WE ARE WHAT THE SEAS HAVE MADE US
Curated by Catherine Haggarty
Yevgeniya Baras
Alan Prazniak
Daniel John Gadd
Dana James
These four New York based painters came to mind after reading Lake Superior, a collection of poems and short essays by Lorine Niedecker. Lorine’s book was inspired by a journey through the midwest and her view of the American landscape through the passenger window of her car. Her journey through nature and description of both its beauty and decay in writing is unmatched.
Lake Superior paints a picture of a landscape I’ve never seen, but it is one to which I feel deeply indebted and close. The connection we have to the Earth we share through time and place is ineffable. These artists paint those pictures, the kind of pictures Niedecker so beautifully describes with words.

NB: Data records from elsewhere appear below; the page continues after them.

lemma pmf_replicate_pmf:
  "pmf (replicate_pmf n p) xs = (if length xs = n then (\<Prod>x\<leftarrow>xs. pmf p x) else 0)"
proof (induction n arbitrary: xs)
  case (Suc n)
  show ?case
  proof (cases xs)
    case Nil
    then show ?thesis
      by (simp add: replicate_pmf_Suc_map pmf_bind pmf_eq_0_set_pmf)
  next
    case (Cons y ys)
    have "pmf (map_pmf (Cons z) (replicate_pmf n p)) (y # ys) = pmf (replicate_pmf n p) ys * indicator {y} z" for z
      by (cases "z = y") (auto simp: pmf_map_inj' pmf_eq_0_set_pmf)
    then have "pmf (replicate_pmf (Suc n) p) (y # ys) = (\<integral>z. pmf (replicate_pmf n p) ys * indicator {y} z \<partial>p)"
      by (simp only: replicate_pmf_Suc_map pmf_bind)
    then show ?thesis
      by (simp add: Suc.IH Cons measure_pmf_single)
  qed
qed (cases xs; simp)

lemma nn_integral_count_space_eq_replicate_pmf:
  assumes "\<And>xs. length xs = n \<Longrightarrow> 0 \<le> \<phi> xs"
  shows "(\<integral>\<^sup>+xs. ennreal ((\<Prod>i<n. pmf p (xs ! i)) * \<phi> xs) \<partial>count_space {xs. length xs = n})
           = (\<integral>\<^sup>+xs. ennreal (\<phi> xs) \<partial>replicate_pmf n p)"
proof -
  have "(\<integral>\<^sup>+xs. ennreal ((\<Prod>i<n. pmf p (xs ! i)) * \<phi> xs) \<partial>count_space {xs. length xs = n})
          = (\<integral>\<^sup>+xs. ennreal (pmf (replicate_pmf n p) xs) * ennreal (\<phi> xs) \<partial>count_space UNIV)"
    by (subst nn_integral_count_space_indicator)
       (auto intro!: nn_integral_cong simp: pmf_replicate_pmf prod.list_conv_set_nth atLeast0LessThan
          ennreal_mult prod_nonneg assms)
  also have "\<dots> = (\<integral>\<^sup>+xs. ennreal (\<phi> xs) \<partial>replicate_pmf n p)"
    by (rule nn_integral_measure_pmf[symmetric])
  finally show ?thesis .
qed

lemma nn_integral_of_bool_affine:
  assumes "0 \<le> u" "0 \<le> v"
  shows "(\<integral>\<^sup>+x. ennreal (of_bool (P x) * u + v) \<partial>measure_pmf p) = ennreal (measure_pmf.prob p {x. P x} * u + v)"
proof -
  have "(\<integral>\<^sup>+x. ennreal (of_bool (P x) * u + v) \<partial>measure_pmf p)
          = (\<integral>\<^sup>+x. ennreal u * indicator {x. P x} x + ennreal v \<partial>measure_pmf p)"
    using assms by (intro nn_integral_cong) (auto simp: indicator_def ennreal_plus)
  also have "\<dots> = ennreal (measure_pmf.prob p {x. P x} * u + v)"
    using assms by (simp add: nn_integral_add nn_integral_cmult measure_pmf.emeasure_space_1
        measure_pmf.emeasure_eq_measure ennreal_mult ennreal_plus mult.commute)
  finally show ?thesis .
qed

lemma real_length_filter_Cons:
  "real (length (filter P (x # xs))) = of_bool (P x) + real (length (filter P xs))"
  by simp

lemma nn_integral_replicate_pmf_length_filter:
  "(\<integral>\<^sup>+xs. ennreal (real (length (filter P xs))) \<partial>replicate_pmf n p)
     = ennreal (real n * measure_pmf.prob p {x. P x})"
proof (induction n)
  case (Suc n)
  have "(\<integral>\<^sup>+xs. ennreal (real (length (filter P xs))) \<partial>replicate_pmf (Suc n) p)
          = (\<integral>\<^sup>+x. \<integral>\<^sup>+ys. ennreal (of_bool (P x)) + ennreal (real (length (filter P ys))) \<partial>replicate_pmf n p \<partial>p)"
    by (simp add: replicate_pmf_Suc_map real_length_filter_Cons ennreal_plus del: filter.simps(2) ennreal_plus_if)
  also have "\<dots> = (\<integral>\<^sup>+x. ennreal (of_bool (P x) * 1 + real n * measure_pmf.prob p {x. P x}) \<partial>p)"
    by (simp add: nn_integral_add Suc.IH measure_pmf.emeasure_space_1 ennreal_plus)
  also have "\<dots> = ennreal (real (Suc n) * measure_pmf.prob p {x. P x})"
    by (subst nn_integral_of_bool_affine) (simp_all add: algebra_simps)
  finally show ?case .
qed simp

lemma nn_integral_replicate_pmf_length_filter_sq:
  "(\<integral>\<^sup>+xs. ennreal ((real (length (filter P xs)))\<^sup>2) \<partial>replicate_pmf n p)
     = ennreal (real n * measure_pmf.prob p {x. P x} + real n * (real n - 1) * (measure_pmf.prob p {x. P x})\<^sup>2)"
proof (induction n)
  case (Suc n)
  define q where "q = measure_pmf.prob p {x. P x}"
  have q: "0 \<le> q"
    by (simp add: q_def)
  have m2: "0 \<le> real n * q + real n * (real n - 1) * q\<^sup>2"
    using q by (cases n) (auto intro!: add_nonneg_nonneg mult_nonneg_nonneg)
  have sq: "(of_bool b + c)\<^sup>2 = of_bool b * (1 + 2 * c) + c\<^sup>2" for b and c :: real
    by (cases b) (simp_all add: power2_eq_square algebra_simps)
  have "(\<integral>\<^sup>+xs. ennreal ((real (length (filter P xs)))\<^sup>2) \<partial>replicate_pmf (Suc n) p)
          = (\<integral>\<^sup>+x. \<integral>\<^sup>+ys. ennreal (of_bool (P x)) * ennreal (1 + 2 * real (length (filter P ys)))
                 + ennreal ((real (length (filter P ys)))\<^sup>2) \<partial>replicate_pmf n p \<partial>p)"
    by (simp add: replicate_pmf_Suc_map real_length_filter_Cons sq ennreal_plus ennreal_mult
          del: filter.simps(2) ennreal_plus_if)
  also have "\<dots> = (\<integral>\<^sup>+x. ennreal (of_bool (P x) * (1 + 2 * real n * q) + (real n * q + real n * (real n - 1) * q\<^sup>2)) \<partial>p)"
  proof (intro nn_integral_cong)
    fix x
    have "(\<integral>\<^sup>+ys. ennreal (1 + 2 * real (length (filter P ys))) \<partial>replicate_pmf n p) = ennreal (1 + 2 * real n * q)"
      using nn_integral_replicate_pmf_length_filter[where P = P and n = n and p = p] q
      by (simp add: ennreal_plus ennreal_mult nn_integral_add nn_integral_cmult
            measure_pmf.emeasure_space_1 q_def mult.assoc del: ennreal_plus_if)
    then show "(\<integral>\<^sup>+ys. ennreal (of_bool (P x)) * ennreal (1 + 2 * real (length (filter P ys)))
                   + ennreal ((real (length (filter P ys)))\<^sup>2) \<partial>replicate_pmf n p)
                 = ennreal (of_bool (P x) * (1 + 2 * real n * q) + (real n * q + real n * (real n - 1) * q\<^sup>2))"
      using q m2 by (simp add: nn_integral_add nn_integral_cmult Suc.IH q_def ennreal_plus ennreal_mult
          del: ennreal_plus_if)
  qed
  also have "\<dots> = ennreal (real (Suc n) * q + real (Suc n) * (real (Suc n) - 1) * q\<^sup>2)"
    using q m2 by (subst nn_integral_of_bool_affine) (simp_all add: q_def algebra_simps power2_eq_square)
  finally show ?case
    by (simp add: q_def)
qed simp

lemma count_list_eq_length_filter: "count_list xs x = length (filter (\<lambda>y. y = x) xs)"
  by (induction xs) auto

lemma ennreal_plus_mult:
  fixes a b c :: real
  assumes "0 \<le> a" "0 \<le> b" "0 \<le> c"
  shows "ennreal a + ennreal b * ennreal c = ennreal (a + b * c)"
  using assms by (simp add: ennreal_plus ennreal_mult del: ennreal_plus_if)

lemma nn_integral_replicate_pmf_frequency_sq:
  assumes "n > 0"
  shows "(\<integral>\<^sup>+xs. ennreal ((real (count_list xs x) / real n - pmf p x)\<^sup>2) \<partial>replicate_pmf n p)
           = ennreal (pmf p x * (1 - pmf p x) / real n)"
proof -
  define q where "q = pmf p x"
  define c where "c xs = real (count_list xs x)" for xs
  have q: "0 \<le> q" "q \<le> 1"
    by (simp_all add: q_def pmf_le_1)
  have n: "0 < real n"
    using assms by simp
  have prob: "measure_pmf.prob p {y. y = x} = q"
    by (simp add: q_def measure_pmf_single)
  have m1: "(\<integral>\<^sup>+xs. ennreal (c xs) \<partial>replicate_pmf n p) = ennreal (real n * q)"
    using nn_integral_replicate_pmf_length_filter[where P = "\<lambda>y. y = x"] prob
    by (simp add: c_def count_list_eq_length_filter)
  have m2: "(\<integral>\<^sup>+xs. ennreal ((c xs)\<^sup>2) \<partial>replicate_pmf n p) = ennreal (real n * q + real n * (real n - 1) * q\<^sup>2)"
    using nn_integral_replicate_pmf_length_filter_sq[where P = "\<lambda>y. y = x"] prob
    by (simp add: c_def count_list_eq_length_filter)
  have m2_nonneg: "0 \<le> real n * q + real n * (real n - 1) * q\<^sup>2"
    using n q by (cases n) (auto intro!: add_nonneg_nonneg mult_nonneg_nonneg)
  define V where "V = (\<integral>\<^sup>+xs. ennreal ((c xs / real n - q)\<^sup>2) \<partial>replicate_pmf n p)"
  \<comment> \<open>There is no subtraction in \<open>ennreal\<close>: integrate \<open>(c/n - q)\<^sup>2 + (2q/n) c = q\<^sup>2 + c\<^sup>2/n\<^sup>2\<close>,
    whose terms are all nonnegative, and cancel the finite term \<open>(2q/n) n q\<close> at the end.\<close>
  have "V + ennreal (2 * q / real n) * ennreal (real n * q)
          = (\<integral>\<^sup>+xs. ennreal ((c xs / real n - q)\<^sup>2) + ennreal (2 * q / real n) * ennreal (c xs) \<partial>replicate_pmf n p)"
    by (simp add: V_def nn_integral_add nn_integral_cmult m1)
  also have "\<dots> = (\<integral>\<^sup>+xs. ennreal (q\<^sup>2) + ennreal (1 / (real n)\<^sup>2) * ennreal ((c xs)\<^sup>2) \<partial>replicate_pmf n p)"
  proof (intro nn_integral_cong)
    fix xs
    have "0 \<le> c xs"
      by (simp add: c_def)
    have "ennreal ((c xs / real n - q)\<^sup>2) + ennreal (2 * q / real n) * ennreal (c xs)
            = ennreal ((c xs / real n - q)\<^sup>2 + 2 * q / real n * c xs)"
      using q n \<open>0 \<le> c xs\<close> by (intro ennreal_plus_mult) auto
    also have "(c xs / real n - q)\<^sup>2 + 2 * q / real n * c xs = q\<^sup>2 + 1 / (real n)\<^sup>2 * (c xs)\<^sup>2"
      using n by (simp add: field_simps power2_eq_square)
    also have "ennreal \<dots> = ennreal (q\<^sup>2) + ennreal (1 / (real n)\<^sup>2) * ennreal ((c xs)\<^sup>2)"
      by (rule ennreal_plus_mult[symmetric]) auto
    finally show "ennreal ((c xs / real n - q)\<^sup>2) + ennreal (2 * q / real n) * ennreal (c xs)
                    = ennreal (q\<^sup>2) + ennreal (1 / (real n)\<^sup>2) * ennreal ((c xs)\<^sup>2)" .
  qed
  also have "\<dots> = ennreal (q\<^sup>2) + ennreal (1 / (real n)\<^sup>2) * ennreal (real n * q + real n * (real n - 1) * q\<^sup>2)"
    by (simp add: nn_integral_add nn_integral_cmult m2 measure_pmf.emeasure_space_1)
  also have "\<dots> = ennreal (q\<^sup>2 + 1 / (real n)\<^sup>2 * (real n * q + real n * (real n - 1) * q\<^sup>2))"
    using m2_nonneg by (intro ennreal_plus_mult) auto
  also have "q\<^sup>2 + 1 / (real n)\<^sup>2 * (real n * q + real n * (real n - 1) * q\<^sup>2) = q * (1 - q) / real n + 2 * q / real n * (real n * q)"
    using n by (simp add: field_simps power2_eq_square)
  also have "ennreal \<dots> = ennreal (q * (1 - q) / real n) + ennreal (2 * q / real n) * ennreal (real n * q)"
    using q n by (intro ennreal_plus_mult[symmetric]) auto
  finally have "V = ennreal (q * (1 - q) / real n)"
    by (subst (asm) (1 2) add.commute) (simp add: ennreal_add_left_cancel ennreal_mult_eq_top_iff)
  then show ?thesis
    by (simp add: V_def c_def q_def)
qed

Each artist’s work operates independently as pure abstraction. However different their departure points may be respectively, their paintings all wind up hovering between idyllic and conjured landscapes. Each of these four manipulate surface and material to satisfy their story and create their world through paint. They invite us into their imagined landscape in a humble and alluring way. They tempt us with water, skating the surface or peering into the forest. Their paintings ask of us, rather than demand, that we decide where we are on our own terms.
“Be still,” I hear the paintings say, as I walk past both the undulating and sensitively smooth surfaces they make. Water drips and bushes rustle through the passing of Dana James and Alan Prazniak’s work. Under the moon, Daniel John Gaad gives me light while I hear the stories Yevgeniya Baras tells me with her paintings… of mountains and dreams.
The Journey of the rock is never ended. In every tiny part of any living thing
are materials that once were rock and turned to soil. These minerals are drawn
out of the soil by plant roots and the plant used them to build leaves, stems,
flowers, and fruits.
Plants are eaten by animals. In our blood is iron from plants that draw it out
of the soil. Your teeth and bones were once coral. The water you drink has
been in the clouds over the mountains of Asia and in the waterfalls of Africa.
The air you breathe has swirled thru places of the earth that no one has ever
seen. Every bit of you is a bit of the earth and has been on many strange and
wonderful journeys over countless millions of years.